Task instructions
Below is a listing. Set down exactly the lines from the one containing "set \<Rightarrow> 'v \<Rightarrow>" through the one containing "set \<Rightarrow> nat", both ends included, and leave out the rest.
________
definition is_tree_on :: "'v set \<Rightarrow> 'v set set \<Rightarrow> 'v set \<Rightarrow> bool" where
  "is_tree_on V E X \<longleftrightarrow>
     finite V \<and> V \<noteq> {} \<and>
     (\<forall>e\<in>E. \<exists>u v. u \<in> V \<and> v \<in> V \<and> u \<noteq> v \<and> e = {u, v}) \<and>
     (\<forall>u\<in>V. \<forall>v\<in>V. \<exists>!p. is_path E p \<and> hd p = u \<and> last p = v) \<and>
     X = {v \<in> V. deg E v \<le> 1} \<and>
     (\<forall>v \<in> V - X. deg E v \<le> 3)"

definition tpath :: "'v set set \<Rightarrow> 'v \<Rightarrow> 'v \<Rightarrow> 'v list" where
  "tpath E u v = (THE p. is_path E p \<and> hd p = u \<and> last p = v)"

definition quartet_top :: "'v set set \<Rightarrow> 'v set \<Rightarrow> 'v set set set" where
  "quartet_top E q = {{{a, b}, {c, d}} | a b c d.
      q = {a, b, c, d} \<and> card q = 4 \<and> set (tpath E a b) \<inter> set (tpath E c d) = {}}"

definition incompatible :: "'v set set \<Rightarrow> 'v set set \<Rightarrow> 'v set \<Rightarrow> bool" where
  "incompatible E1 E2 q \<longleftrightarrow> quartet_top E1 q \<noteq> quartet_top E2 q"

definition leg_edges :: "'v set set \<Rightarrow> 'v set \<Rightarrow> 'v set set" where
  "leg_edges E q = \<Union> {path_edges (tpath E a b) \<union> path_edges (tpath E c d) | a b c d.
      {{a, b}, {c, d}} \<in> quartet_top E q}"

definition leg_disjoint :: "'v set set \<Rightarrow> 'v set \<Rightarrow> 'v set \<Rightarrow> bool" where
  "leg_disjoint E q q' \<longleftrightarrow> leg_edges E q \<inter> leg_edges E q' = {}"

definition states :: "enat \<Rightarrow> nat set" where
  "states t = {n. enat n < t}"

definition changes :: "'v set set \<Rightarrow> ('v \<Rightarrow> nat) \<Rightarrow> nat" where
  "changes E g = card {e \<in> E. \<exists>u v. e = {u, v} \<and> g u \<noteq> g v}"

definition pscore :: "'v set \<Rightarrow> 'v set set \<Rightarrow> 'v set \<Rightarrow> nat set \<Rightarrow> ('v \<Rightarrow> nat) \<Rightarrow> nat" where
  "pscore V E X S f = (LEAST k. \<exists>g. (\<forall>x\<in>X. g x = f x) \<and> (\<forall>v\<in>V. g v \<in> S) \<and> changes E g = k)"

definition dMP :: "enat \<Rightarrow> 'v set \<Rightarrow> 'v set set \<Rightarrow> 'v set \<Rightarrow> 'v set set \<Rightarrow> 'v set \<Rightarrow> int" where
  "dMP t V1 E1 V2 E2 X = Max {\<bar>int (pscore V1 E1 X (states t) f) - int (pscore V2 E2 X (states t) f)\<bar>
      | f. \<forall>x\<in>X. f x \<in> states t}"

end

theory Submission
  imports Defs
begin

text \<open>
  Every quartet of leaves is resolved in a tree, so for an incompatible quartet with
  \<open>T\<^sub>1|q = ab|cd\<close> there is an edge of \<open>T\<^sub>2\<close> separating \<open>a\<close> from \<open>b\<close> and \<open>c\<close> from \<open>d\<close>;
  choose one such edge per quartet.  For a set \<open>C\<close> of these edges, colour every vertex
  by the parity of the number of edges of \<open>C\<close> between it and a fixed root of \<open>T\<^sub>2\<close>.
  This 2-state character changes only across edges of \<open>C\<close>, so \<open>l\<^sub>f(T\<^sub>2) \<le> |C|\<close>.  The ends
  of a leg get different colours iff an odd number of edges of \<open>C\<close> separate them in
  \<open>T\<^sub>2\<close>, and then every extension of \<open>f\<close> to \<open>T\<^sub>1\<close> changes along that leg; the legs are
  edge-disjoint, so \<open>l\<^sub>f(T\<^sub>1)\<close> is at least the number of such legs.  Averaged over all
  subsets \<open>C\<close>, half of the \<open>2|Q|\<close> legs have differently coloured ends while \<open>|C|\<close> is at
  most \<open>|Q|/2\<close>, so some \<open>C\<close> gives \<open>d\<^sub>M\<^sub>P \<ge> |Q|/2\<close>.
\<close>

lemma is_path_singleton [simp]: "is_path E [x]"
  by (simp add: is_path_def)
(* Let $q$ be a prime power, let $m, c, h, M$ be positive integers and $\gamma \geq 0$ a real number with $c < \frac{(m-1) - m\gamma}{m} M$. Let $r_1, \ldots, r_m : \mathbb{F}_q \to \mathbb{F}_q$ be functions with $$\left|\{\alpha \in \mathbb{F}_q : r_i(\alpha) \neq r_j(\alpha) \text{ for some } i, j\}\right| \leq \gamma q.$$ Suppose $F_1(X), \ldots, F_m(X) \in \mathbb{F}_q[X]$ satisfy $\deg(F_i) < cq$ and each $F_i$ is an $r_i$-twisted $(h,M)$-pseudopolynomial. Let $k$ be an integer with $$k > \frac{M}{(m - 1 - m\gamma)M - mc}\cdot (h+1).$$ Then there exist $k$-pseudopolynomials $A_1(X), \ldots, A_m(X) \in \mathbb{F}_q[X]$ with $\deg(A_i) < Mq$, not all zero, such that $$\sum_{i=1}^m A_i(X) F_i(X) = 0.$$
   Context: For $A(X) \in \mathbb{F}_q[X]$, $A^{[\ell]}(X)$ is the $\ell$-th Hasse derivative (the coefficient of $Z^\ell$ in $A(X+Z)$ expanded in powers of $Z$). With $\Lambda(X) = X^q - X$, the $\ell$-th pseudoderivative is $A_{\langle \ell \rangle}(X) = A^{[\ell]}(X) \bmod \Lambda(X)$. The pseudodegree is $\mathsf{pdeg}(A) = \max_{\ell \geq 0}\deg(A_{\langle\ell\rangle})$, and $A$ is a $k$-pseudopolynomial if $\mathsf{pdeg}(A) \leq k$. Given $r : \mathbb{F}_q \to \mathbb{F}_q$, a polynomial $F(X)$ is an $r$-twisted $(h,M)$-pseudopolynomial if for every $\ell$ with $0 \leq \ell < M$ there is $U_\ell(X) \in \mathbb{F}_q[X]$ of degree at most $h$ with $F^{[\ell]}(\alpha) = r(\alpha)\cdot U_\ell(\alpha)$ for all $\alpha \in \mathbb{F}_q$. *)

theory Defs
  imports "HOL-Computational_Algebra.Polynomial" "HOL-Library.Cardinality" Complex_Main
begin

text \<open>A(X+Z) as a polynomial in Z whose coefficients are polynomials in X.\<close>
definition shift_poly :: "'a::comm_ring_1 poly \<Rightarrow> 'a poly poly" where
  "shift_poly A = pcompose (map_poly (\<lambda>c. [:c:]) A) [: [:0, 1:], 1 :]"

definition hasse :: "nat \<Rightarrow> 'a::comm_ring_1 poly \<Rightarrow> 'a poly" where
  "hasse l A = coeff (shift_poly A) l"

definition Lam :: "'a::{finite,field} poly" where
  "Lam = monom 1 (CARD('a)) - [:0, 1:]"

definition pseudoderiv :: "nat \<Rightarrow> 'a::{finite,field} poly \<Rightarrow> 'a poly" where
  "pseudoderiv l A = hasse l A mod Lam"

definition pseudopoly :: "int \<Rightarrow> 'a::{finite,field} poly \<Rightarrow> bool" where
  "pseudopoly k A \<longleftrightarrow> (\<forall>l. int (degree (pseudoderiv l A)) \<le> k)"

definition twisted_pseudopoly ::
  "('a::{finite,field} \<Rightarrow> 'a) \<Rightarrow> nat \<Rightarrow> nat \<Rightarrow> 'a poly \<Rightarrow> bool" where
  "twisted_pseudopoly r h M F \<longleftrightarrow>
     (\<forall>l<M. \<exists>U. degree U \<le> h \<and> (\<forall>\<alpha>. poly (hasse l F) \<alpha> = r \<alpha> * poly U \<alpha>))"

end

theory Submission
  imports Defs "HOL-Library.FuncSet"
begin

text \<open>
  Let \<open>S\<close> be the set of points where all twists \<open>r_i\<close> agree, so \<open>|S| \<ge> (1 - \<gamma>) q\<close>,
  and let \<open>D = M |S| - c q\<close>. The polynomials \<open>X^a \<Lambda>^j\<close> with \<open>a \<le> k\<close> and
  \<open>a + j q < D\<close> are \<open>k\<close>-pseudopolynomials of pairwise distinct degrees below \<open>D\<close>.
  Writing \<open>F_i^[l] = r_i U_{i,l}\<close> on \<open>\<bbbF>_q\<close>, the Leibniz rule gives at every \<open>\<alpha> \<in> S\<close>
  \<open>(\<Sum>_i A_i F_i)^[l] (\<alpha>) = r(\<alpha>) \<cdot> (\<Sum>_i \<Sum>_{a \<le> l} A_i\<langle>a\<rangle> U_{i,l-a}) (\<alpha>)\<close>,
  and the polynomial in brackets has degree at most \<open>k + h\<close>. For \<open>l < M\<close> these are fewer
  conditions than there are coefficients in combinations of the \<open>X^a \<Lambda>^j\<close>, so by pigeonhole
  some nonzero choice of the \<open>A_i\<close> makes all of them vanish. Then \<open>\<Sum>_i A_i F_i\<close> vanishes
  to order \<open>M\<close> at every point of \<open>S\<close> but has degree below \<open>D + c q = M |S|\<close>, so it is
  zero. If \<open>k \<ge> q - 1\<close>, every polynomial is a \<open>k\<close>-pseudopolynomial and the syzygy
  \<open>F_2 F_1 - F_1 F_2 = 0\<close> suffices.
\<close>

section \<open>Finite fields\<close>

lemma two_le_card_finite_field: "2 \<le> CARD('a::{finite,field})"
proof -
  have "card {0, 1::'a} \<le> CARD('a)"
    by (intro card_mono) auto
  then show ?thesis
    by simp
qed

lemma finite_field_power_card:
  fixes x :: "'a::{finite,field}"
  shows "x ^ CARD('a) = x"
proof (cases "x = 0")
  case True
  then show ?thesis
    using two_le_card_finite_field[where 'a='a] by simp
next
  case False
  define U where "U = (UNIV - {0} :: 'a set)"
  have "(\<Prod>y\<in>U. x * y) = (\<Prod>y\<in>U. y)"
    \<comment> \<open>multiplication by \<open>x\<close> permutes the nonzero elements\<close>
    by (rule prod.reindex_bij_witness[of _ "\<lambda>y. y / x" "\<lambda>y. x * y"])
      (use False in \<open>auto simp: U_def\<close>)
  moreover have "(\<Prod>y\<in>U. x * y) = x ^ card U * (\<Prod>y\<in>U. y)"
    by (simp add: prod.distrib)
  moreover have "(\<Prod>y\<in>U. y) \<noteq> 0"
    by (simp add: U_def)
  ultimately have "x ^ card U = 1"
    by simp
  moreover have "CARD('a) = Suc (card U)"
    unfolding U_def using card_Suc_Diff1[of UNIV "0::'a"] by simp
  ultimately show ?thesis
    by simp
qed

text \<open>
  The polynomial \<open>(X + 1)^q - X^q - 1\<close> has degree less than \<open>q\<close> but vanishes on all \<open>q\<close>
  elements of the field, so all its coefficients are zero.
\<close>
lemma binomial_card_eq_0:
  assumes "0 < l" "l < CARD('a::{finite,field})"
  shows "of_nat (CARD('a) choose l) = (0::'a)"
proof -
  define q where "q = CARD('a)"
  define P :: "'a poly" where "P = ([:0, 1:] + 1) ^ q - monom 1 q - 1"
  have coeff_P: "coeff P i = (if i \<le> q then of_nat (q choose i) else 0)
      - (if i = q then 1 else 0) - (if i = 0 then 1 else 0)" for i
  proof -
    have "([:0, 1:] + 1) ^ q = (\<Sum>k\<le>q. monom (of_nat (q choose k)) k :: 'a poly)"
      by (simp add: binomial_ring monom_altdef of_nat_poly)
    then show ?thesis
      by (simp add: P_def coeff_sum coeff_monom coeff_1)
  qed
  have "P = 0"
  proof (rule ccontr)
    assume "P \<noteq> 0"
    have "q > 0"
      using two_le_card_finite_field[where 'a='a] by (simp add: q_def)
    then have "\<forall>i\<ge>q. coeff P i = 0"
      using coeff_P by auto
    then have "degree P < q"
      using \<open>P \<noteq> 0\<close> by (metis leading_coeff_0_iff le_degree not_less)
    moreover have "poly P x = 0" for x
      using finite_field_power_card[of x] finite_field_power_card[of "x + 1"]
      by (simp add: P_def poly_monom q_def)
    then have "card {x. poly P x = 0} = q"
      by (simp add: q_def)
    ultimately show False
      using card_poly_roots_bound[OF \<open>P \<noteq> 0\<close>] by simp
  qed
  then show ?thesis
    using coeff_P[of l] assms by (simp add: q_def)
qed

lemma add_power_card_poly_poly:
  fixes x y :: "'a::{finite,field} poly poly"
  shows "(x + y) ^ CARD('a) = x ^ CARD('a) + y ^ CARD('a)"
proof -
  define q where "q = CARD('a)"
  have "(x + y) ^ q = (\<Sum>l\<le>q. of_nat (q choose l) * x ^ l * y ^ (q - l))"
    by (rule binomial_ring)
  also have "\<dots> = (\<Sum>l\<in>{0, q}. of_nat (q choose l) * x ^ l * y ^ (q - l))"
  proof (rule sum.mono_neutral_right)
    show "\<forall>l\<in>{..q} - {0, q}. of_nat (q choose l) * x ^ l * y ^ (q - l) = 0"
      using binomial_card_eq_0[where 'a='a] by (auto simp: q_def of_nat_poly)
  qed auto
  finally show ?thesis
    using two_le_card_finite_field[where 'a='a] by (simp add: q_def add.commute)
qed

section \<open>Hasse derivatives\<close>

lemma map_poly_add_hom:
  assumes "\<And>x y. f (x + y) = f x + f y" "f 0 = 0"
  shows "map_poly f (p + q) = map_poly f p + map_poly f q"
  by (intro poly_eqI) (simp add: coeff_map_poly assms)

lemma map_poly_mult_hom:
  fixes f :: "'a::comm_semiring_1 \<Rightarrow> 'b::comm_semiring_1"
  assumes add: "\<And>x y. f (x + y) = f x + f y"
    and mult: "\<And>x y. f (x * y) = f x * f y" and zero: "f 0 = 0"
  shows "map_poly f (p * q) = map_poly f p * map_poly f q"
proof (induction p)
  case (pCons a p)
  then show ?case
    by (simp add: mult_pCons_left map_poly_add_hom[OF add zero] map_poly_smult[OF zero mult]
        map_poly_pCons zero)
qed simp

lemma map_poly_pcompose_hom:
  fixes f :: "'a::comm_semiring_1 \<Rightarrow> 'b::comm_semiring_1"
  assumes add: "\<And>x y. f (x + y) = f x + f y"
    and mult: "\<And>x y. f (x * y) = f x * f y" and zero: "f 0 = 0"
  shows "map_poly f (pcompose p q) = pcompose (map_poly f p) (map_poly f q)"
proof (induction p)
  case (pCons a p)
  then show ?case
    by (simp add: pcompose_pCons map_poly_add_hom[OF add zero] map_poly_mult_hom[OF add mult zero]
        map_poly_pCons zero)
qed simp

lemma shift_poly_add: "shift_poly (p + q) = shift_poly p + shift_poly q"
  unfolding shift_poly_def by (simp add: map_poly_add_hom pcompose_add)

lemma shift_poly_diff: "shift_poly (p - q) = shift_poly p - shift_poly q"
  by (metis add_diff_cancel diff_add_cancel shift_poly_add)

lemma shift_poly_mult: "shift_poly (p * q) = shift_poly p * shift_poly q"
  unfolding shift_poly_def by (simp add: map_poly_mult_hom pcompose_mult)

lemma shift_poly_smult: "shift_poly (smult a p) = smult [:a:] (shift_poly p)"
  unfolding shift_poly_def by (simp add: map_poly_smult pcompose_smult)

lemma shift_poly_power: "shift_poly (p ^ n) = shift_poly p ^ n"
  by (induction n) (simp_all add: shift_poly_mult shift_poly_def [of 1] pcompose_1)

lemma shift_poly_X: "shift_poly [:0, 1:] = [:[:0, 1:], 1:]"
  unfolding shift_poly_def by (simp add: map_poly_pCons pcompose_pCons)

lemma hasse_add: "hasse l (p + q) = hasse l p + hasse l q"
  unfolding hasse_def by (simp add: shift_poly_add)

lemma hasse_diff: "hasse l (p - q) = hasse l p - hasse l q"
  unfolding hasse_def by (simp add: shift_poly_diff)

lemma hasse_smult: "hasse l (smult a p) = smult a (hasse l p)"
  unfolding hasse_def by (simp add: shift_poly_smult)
________
Answer area
definition tpath :: "'v set set \<Rightarrow> 'v \<Rightarrow> 'v \<Rightarrow> 'v list" where
  "tpath E u v = (THE p. is_path E p \<and> hd p = u \<and> last p = v)"

definition quartet_top :: "'v set set \<Rightarrow> 'v set \<Rightarrow> 'v set set set" where
  "quartet_top E q = {{{a, b}, {c, d}} | a b c d.
      q = {a, b, c, d} \<and> card q = 4 \<and> set (tpath E a b) \<inter> set (tpath E c d) = {}}"

definition incompatible :: "'v set set \<Rightarrow> 'v set set \<Rightarrow> 'v set \<Rightarrow> bool" where
  "incompatible E1 E2 q \<longleftrightarrow> quartet_top E1 q \<noteq> quartet_top E2 q"

definition leg_edges :: "'v set set \<Rightarrow> 'v set \<Rightarrow> 'v set set" where
  "leg_edges E q = \<Union> {path_edges (tpath E a b) \<union> path_edges (tpath E c d) | a b c d.
      {{a, b}, {c, d}} \<in> quartet_top E q}"

definition leg_disjoint :: "'v set set \<Rightarrow> 'v set \<Rightarrow> 'v set \<Rightarrow> bool" where
  "leg_disjoint E q q' \<longleftrightarrow> leg_edges E q \<inter> leg_edges E q' = {}"

definition states :: "enat \<Rightarrow> nat set" where
  "states t = {n. enat n < t}"

definition changes :: "'v set set \<Rightarrow> ('v \<Rightarrow> nat) \<Rightarrow> nat" where
  "changes E g = card {e \<in> E. \<exists>u v. e = {u, v} \<and> g u \<noteq> g v}"

definition pscore :: "'v set \<Rightarrow> 'v set set \<Rightarrow> 'v set \<Rightarrow> nat set \<Rightarrow> ('v \<Rightarrow> nat) \<Rightarrow> nat" where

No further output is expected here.